Whoa. Where do have any evidence that gus believes that Religious should work for him “for free?” I did not at all perceive that to be the point of his post.

this sort of attitude towards the religious is part of why we don’t have many anymore. They aren’t there to make your life cheaper, they are there to serve God.

Again, you have not established what gus’ “attitude” is. How would you know something so internal/private?

Yes, religious are there to serve God, and to serve God through the Church and the Church’s needs, which include healthcare and education, among many other needs, both practical and spiritual.

But still a Jesuit. That was the first thing that came out of the mouth of the CBS reporter when he heard the announcement Mar 13th. Just sayin.

Its a return to the mission of the church
I’m not suggesting anything new

It seems to me that the media had some mythological view of Jesuits, that, perhaps because some have dissented historically, that this Jesuit Pope would therefore overturn dogmas the secular media loathes, thus leading to the destruction of the Church. I suppose some of them may have been naïve enough to think dogmatic overturn was possible. But part of me cynically suspects many of them know better but seek to drive a wedge into the Church, and between her members.
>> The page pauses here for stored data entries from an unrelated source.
text \<open>Sequences over the alphabet are streams of naturals; the alphabet is {..<k}.
  rho(x) is the measure of the cylinder set Gamma_x.\<close>

definition cyl :: "nat stream measure \<Rightarrow> nat list \<Rightarrow> real" where
  "cyl \<rho> x = measure \<rho> {\<omega> \<in> space \<rho>. stake (length x) \<omega> = x}"

definition cond :: "(nat list \<Rightarrow> real) \<Rightarrow> nat \<Rightarrow> nat list \<Rightarrow> real" where
  "cond r a x = r (x @ [a]) / r x"

definition mix :: "real \<Rightarrow> nat stream measure \<Rightarrow> nat stream measure \<Rightarrow> nat list \<Rightarrow> real" where
  "mix w \<mu> \<nu> x = w * cyl \<mu> x + (1 - w) * cyl \<nu> x"

definition dKL :: "nat \<Rightarrow> real \<Rightarrow> nat stream measure \<Rightarrow> nat stream measure \<Rightarrow> nat list \<Rightarrow> real" where
  "dKL k w \<mu> \<nu> x = (\<Sum>a<k. cond (cyl \<mu>) a x * ln (cond (cyl \<mu>) a x / cond (mix w \<mu> \<nu>) a x))"

text \<open>D_infinity(omega) = sum_{t>=1} d_{omega_{<t}}; index n = t - 1, omega_{<t} = stake n omega.
  Summed in the extended reals (terms are nonnegative; the value may be infinite).\<close>
definition Dinf :: "nat \<Rightarrow> real \<Rightarrow> nat stream measure \<Rightarrow> nat stream measure \<Rightarrow> nat stream \<Rightarrow> ereal" where
  "Dinf k w \<mu> \<nu> \<omega> = (\<Sum>n. ereal (dKL k w \<mu> \<nu> (stake n \<omega>)))"

end

theory Submission
  imports Defs
begin

text \<open>Take for \<open>\<mu>\<close> the fair coin on \<open>{0, 1}\<close> and for \<open>\<nu>\<close> the point mass at the all-zero
  sequence. Off the all-zero prefixes \<open>\<nu>\<close> vanishes, so \<open>\<xi>\<close> predicts like \<open>\<mu>\<close> and the divergence
  is \<open>0\<close>. After \<open>n\<close> zeros the posterior has almost moved to \<open>\<nu>\<close>: \<open>\<xi>\<close> gives the symbol \<open>1\<close> only
  probability about \<open>w/(1-w) \<cdot> 2^(-n-1)\<close>, whereas \<open>\<mu>\<close> gives it \<open>1/2\<close>, so the divergence there is at
  least \<open>(ln((1-w)/w) + (n-1) ln 2)/2\<close>, linear in \<open>n\<close>. Summing up to \<open>J = \<lfloor>log 2 (1/\<delta>)\<rfloor>\<close> gives a
  quadratic bound exceeding the claimed one on every sequence starting with \<open>J\<close> zeros, an event of
  \<open>\<mu>\<close>-probability \<open>2^(-J) \<ge> \<delta>\<close>.\<close>

lemma cylinder_in_sets_stream_space:
  "{\<omega>. stake n \<omega> = (x :: nat list)} \<in> sets (stream_space (count_space UNIV))"
proof -
  have "{\<omega> \<in> space (stream_space (count_space UNIV)). stake n \<omega> = x}
          \<in> sets (stream_space (count_space UNIV))"
    by measurable
  then show ?thesis by (simp add: space_stream_space)
qed

lemma sets_stream_space_measure_pmf:
  "sets (stream_space (measure_pmf p)) = sets (stream_space (count_space UNIV))"
  by (rule sets_stream_space_cong) simp

lemma space_stream_space_measure_pmf: "space (stream_space (measure_pmf p)) = UNIV"
  by (simp add: space_stream_space)

lemma emeasure_stream_space_pmf_cylinder:
  fixes p :: "nat pmf"
  shows "emeasure (stream_space (measure_pmf p))
      {\<omega> \<in> space (stream_space (measure_pmf p)). stake (length x) \<omega> = x}
     = ennreal (prod_list (map (pmf p) x))"
proof (induction x)
  case Nil
  interpret prob_space "stream_space (measure_pmf p)"
    by (rule prob_space.prob_space_stream_space) (rule prob_space_measure_pmf)
  show ?case by (simp add: emeasure_space_1)
next
  case (Cons c x)
  let ?S = "stream_space (measure_pmf p)"
  have "{\<omega> \<in> space ?S. stake (length (c # x)) \<omega> = c # x} \<in> sets ?S"
    using cylinder_in_sets_stream_space[of "length (c # x)" "c # x"]
    by (simp only: sets_stream_space_measure_pmf space_stream_space_measure_pmf) simp
  then have "emeasure ?S {\<omega> \<in> space ?S. stake (length (c # x)) \<omega> = c # x}
      = (\<integral>\<^sup>+t. emeasure ?S {\<omega> \<in> space ?S. t ## \<omega> \<in> {\<omega> \<in> space ?S. stake (length (c # x)) \<omega> = c # x}}
           \<partial>measure_pmf p)"
    by (rule prob_space.emeasure_stream_space[OF prob_space_measure_pmf])
  also have "\<dots> = (\<integral>\<^sup>+t. emeasure ?S {\<omega> \<in> space ?S. stake (length x) \<omega> = x} * indicator {c} t
                     \<partial>measure_pmf p)"
    by (intro nn_integral_cong) (auto simp: space_stream_space_measure_pmf split: split_indicator)
  also have "\<dots> = emeasure ?S {\<omega> \<in> space ?S. stake (length x) \<omega> = x} * emeasure (measure_pmf p) {c}"
    by (simp add: nn_integral_cmult_indicator)
  also have "\<dots> = ennreal (pmf p c * prod_list (map (pmf p) x))"
    using Cons by (simp add: emeasure_pmf_single ennreal_mult' mult.commute)
  finally show ?case by simp
qed

lemma cyl_stream_space_pmf:
  "cyl (stream_space (measure_pmf (p :: nat pmf))) x = prod_list (map (pmf p) x)"
  unfolding cyl_def measure_def emeasure_stream_space_pmf_cylinder
  by (subst enn2real_ennreal) (auto intro!: prod_list_nonneg)

lemma stake_sconst: "stake n (sconst c) = replicate n c"
  by (metis shift_replicate_sconst stake_shift take_all order_refl length_replicate
        diff_self_eq_0 stake.simps(1) append_Nil2)

lemma cyl_return_sconst:
  "cyl (return (stream_space (count_space UNIV)) (sconst c)) x = of_bool (x = replicate (length x) c)"
  unfolding cyl_def
  by (subst measure_return)
     (auto simp: cylinder_in_sets_stream_space stake_sconst space_stream_space indicator_def
           simp del: stake_siterate)

lemma stake_eq_replicate_prefix:
  "stake J \<omega> = replicate J c \<Longrightarrow> n \<le> J \<Longrightarrow> stake n \<omega> = replicate n c"
  by (metis min.absorb1 take_replicate take_stake)

lemma dKL_eq_0_if_cyl_eq_0:
  assumes "w \<noteq> 0" "cyl \<nu> x = 0" "\<And>a. cyl \<nu> (x @ [a]) = 0"
  shows "dKL k w \<mu> \<nu> x = 0"
proof -
  have "cond (mix w \<mu> \<nu>) a x = cond (cyl \<mu>) a x" for a
    using assms by (simp add: cond_def mix_def)
  then show ?thesis
    unfolding dKL_def by (intro sum.neutral) auto
qed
Who said anything about working for free? The number of religious who used to work in healthcare, education and working with the poor has dwindled. Congregations are so sparse that they often don’t even live in community. More sisters would mean that congregations wouldn’t have to, for example, back out of teaching in order to feed the poor. They could do BOTH.

This is an attitude that we should applaud, not attack.